The New Zealand: Victoria University of Wellington team and their First Light house have travelled further than any of the other 19 university teams to compete in the prestigious competition. Led by students from Victoria University of Wellington's School of Architecture, the team is made up of 25 students, supervised and supported by university staff.
New Zealand is the first country in the world to see the light each day – this inspired the name the First Light house. The design of First Light house is a modern take on the classic Kiwi vacation house called a "bach".
New Zealand's entry to the US Department of Energy Solar Decathlon, the First Light house, uses natural New Zealand materials from Kiwi companies such as recycled native timber and wool insulation. The First Light house uses less than a third of the energy of a typical New Zealand home.

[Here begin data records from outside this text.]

lemma norm_coeff_prod_linear_le:
  fixes ws :: "'a::real_normed_field list"
  assumes "\<forall>w\<in>set ws. norm w \<le> 1"
  shows "norm (coeff (\<Prod>w\<leftarrow>ws. [:- w, 1:]) t) \<le> real (length ws choose t)"
  using assms
proof (induction ws arbitrary: t)
  case Nil
  then show ?case
    by (simp add: coeff_1)
next
  case (Cons w ws)
  let ?P = "\<Prod>w\<leftarrow>ws. [:- w, 1:]"
  show ?case
  proof (cases t)
    case 0
    have "norm (coeff ([:- w, 1:] * ?P) 0) = norm w * norm (coeff ?P 0)"
      by (simp add: norm_mult)
    also have "\<dots> \<le> 1 * 1"
      using Cons Cons.IH[of 0] by (intro mult_mono) auto
    finally show ?thesis
      using 0 by simp
  next
    case (Suc m)
    have "norm (coeff ([:- w, 1:] * ?P) (Suc m)) = norm (- w * coeff ?P (Suc m) + coeff ?P m)"
      by simp
    also have "\<dots> \<le> norm w * norm (coeff ?P (Suc m)) + norm (coeff ?P m)"
      using norm_triangle_ineq[of "- w * coeff ?P (Suc m)" "coeff ?P m"] by (simp add: norm_mult)
    also have "\<dots> \<le> 1 * real (length ws choose Suc m) + real (length ws choose m)"
      using Cons Cons.IH[of "Suc m"] Cons.IH[of m] by (intro add_mono mult_mono) auto
    finally show ?thesis
      using Suc by simp
  qed
qed

lemma sum_norm_coeff_prod_linear_le:
  fixes ws :: "'a::real_normed_field list"
  assumes "\<forall>w\<in>set ws. norm w \<le> 1"
  shows "(\<Sum>t\<le>length ws. norm (coeff (\<Prod>w\<leftarrow>ws. [:- w, 1:]) t)) \<le> 2 ^ length ws"
proof -
  have "(\<Sum>t\<le>length ws. norm (coeff (\<Prod>w\<leftarrow>ws. [:- w, 1:]) t))
      \<le> (\<Sum>t\<le>length ws. real (length ws choose t))"
    by (intro sum_mono norm_coeff_prod_linear_le assms)
  also have "\<dots> = 2 ^ length ws"
    by (simp flip: of_nat_sum add: choose_row_sum)
  finally show ?thesis .
qed

lemma degree_prod_linear_le: "degree (\<Prod>w\<leftarrow>ws. [:- w, 1:]) \<le> length ws"
  using degree_prod_list_le[of "map (\<lambda>w. [:- w, 1:]) ws"] by (simp add: comp_def sum_list_triv)

lemma sum_coeff_vandermonde_apply:
  assumes "degree P < N"
  shows "(\<Sum>t<N. coeff P t * vandermonde_apply s k z c t) = (\<Sum>i<k. c i * poly P (z i))"
proof -
  have "poly P x = (\<Sum>t<N. coeff P t * x ^ t)" for x
    unfolding poly_altdef using assms
    by (intro sum.mono_neutral_left) (auto simp: coeff_eq_0)
  then show ?thesis
    by (simp add: vandermonde_apply_def phi_def sum_distrib_left sum_distrib_right mult_ac
        sum.swap[of _ "{..<N}"])
qed

lemma norm_le_norm2: "t < n \<Longrightarrow> cmod (v t) \<le> norm2 n v"
  unfolding norm2_def by (rule real_le_rsqrt) (auto intro: member_le_sum)

lemma norm_sum_mult_le_norm2:
  "cmod (\<Sum>t<n. c t * v t) \<le> (\<Sum>t<n. cmod (c t)) * norm2 n v"
proof -
  have "cmod (\<Sum>t<n. c t * v t) \<le> (\<Sum>t<n. cmod (c t) * cmod (v t))"
    using norm_sum[of "\<lambda>t. c t * v t" "{..<n}"] by (simp add: norm_mult)
  also have "\<dots> \<le> (\<Sum>t<n. cmod (c t) * norm2 n v)"
    by (intro sum_mono mult_left_mono norm_le_norm2) auto
  finally show ?thesis
    by (simp add: sum_distrib_right)
qed

lemma prod_list_map_filter_neq:
  "(\<Prod>p\<leftarrow>filter (\<lambda>p. p \<noteq> j) [0..<k]. f p) = (\<Prod>p\<in>{..<k} - {j}. f p)"
  by (subst prod.distinct_set_conv_list[symmetric]) (auto intro: prod.cong)

lemma sum_coeff_residual_annihilating:
  fixes z zh a ah :: "nat \<Rightarrow> complex"
  assumes "degree P < N" "j < k"
    and "\<forall>l<k. poly P (zh l) = 0" "\<forall>p<k. p \<noteq> j \<longrightarrow> poly P (z p) = 0"
  shows "(\<Sum>t<N. coeff P t * (vandermonde_apply s k zh ah t - vandermonde_apply s k z a t))
    = - (a j * poly P (z j))"
proof -
  have "(\<Sum>t<N. coeff P t * (vandermonde_apply s k zh ah t - vandermonde_apply s k z a t))
      = (\<Sum>l<k. ah l * poly P (zh l)) - (\<Sum>p<k. a p * poly P (z p))"
    using assms(1) by (simp add: right_diff_distrib sum_subtractf sum_coeff_vandermonde_apply)
  also have "\<dots> = - (a j * poly P (z j))"
    using assms(2-4) by (simp add: sum.remove[of "{..<k}" j "\<lambda>p. a p * poly P (z p)"])
  finally show ?thesis .
qed

lemma norm_mult_eta_le_residual:
  fixes z zh a ah :: "nat \<Rightarrow> complex"
  assumes "\<forall>l<k. cmod (zh l) \<le> 1" "\<forall>p<k. cmod (z p) \<le> 1" "j < k"
  shows "cmod (a j) * (eta k k z zh j * (\<Prod>p\<in>{..<k} - {j}. cmod (z j - z p)))
    \<le> 2 ^ (2*k - 1) * norm2 (2*k) (\<lambda>t. vandermonde_apply (2*k - 1) k zh ah t
                                        - vandermonde_apply (2*k - 1) k z a t)"
    (is "_ \<le> _ * norm2 (2*k) ?r")
proof -
  define ws where "ws = map zh [0..<k] @ map z (filter (\<lambda>p. p \<noteq> j) [0..<k])"
  define P where "P = (\<Prod>w\<leftarrow>ws. [:- w, 1:])"
  have "length (filter (\<lambda>p. p \<noteq> j) [0..<k]) = card ({..<k} - {j})"
    by (subst distinct_card[symmetric]) (auto intro: arg_cong[where f = card])
  then have len: "length ws = 2*k - 1"
    using \<open>j < k\<close> by (simp add: ws_def)
  have poly_P: "poly P x = (\<Prod>l<k. x - zh l) * (\<Prod>p\<in>{..<k} - {j}. x - z p)" for x
    by (simp add: P_def ws_def poly_prod_list poly_prod comp_def prod_list_map_filter_neq
        atLeast0LessThan flip: prod.distinct_set_conv_list)
  have "degree P < 2*k"
    using degree_prod_linear_le[of ws] len \<open>j < k\<close> by (simp add: P_def)
  then have "(\<Sum>t<2*k. coeff P t * ?r t) = - (a j * poly P (z j))"
    using \<open>j < k\<close> by (intro sum_coeff_residual_annihilating) (auto simp: poly_P prod_zero_iff)
  then have "cmod (a j * poly P (z j)) \<le> (\<Sum>t<2*k. cmod (coeff P t)) * norm2 (2*k) ?r"
    by (metis norm_minus_cancel norm_sum_mult_le_norm2)
  also have "\<dots> \<le> 2 ^ (2*k - 1) * norm2 (2*k) ?r"
  proof (rule mult_right_mono)
    have "{..<2*k} = {..length ws}"
      using len \<open>j < k\<close> by auto
    moreover have "\<forall>w\<in>set ws. cmod w \<le> 1"
      using assms by (auto simp: ws_def)
    ultimately show "(\<Sum>t<2*k. cmod (coeff P t)) \<le> 2 ^ (2*k - 1)"
      using sum_norm_coeff_prod_linear_le[of ws] len by (simp add: P_def)
  qed (simp add: norm2_def sum_nonneg)
  finally show ?thesis
    by (simp add: poly_P eta_def norm_mult prod_norm)
qed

Innovative technologies in the house include a hot water drying cupboard which uses almost zero electricity to dry clothes as fast as a normal clothes dryer, and a student-developed energy interface which allows the user to easily view how energy is used in the home. The central section of the house acts as a bridge between the between inside and out. This is achieved with a large skylight, decking which surrounds the house and continues through the central area. The house is compact, but flexible, with multi-functional spaces that allow the owner to change the layout to suit their lifestyle.
The design feature that sets the house apart is the attractive and functional canopy, sitting above the roof; the canopy supports the solar array while providing shade over the windows below.
The modular house design was a practical solution for the month long trip by road and sea from New Zealand to Washington DC. This required a house that could be transported safely and assembled quickly on site by crane.
The team began assembling their house at 11 p.m. the 13th of September and have been working around the clock to assemble their house in a total of us six and a half days. The Solar Decathlon homes will be open to the public on the National Mall's West Potomac Park from September 23rd to October 2nd.
The Solar Decathlon challenges 20 university teams to design, build and operate attractive, affordable, net zero energy houses, powered entirely from solar energy.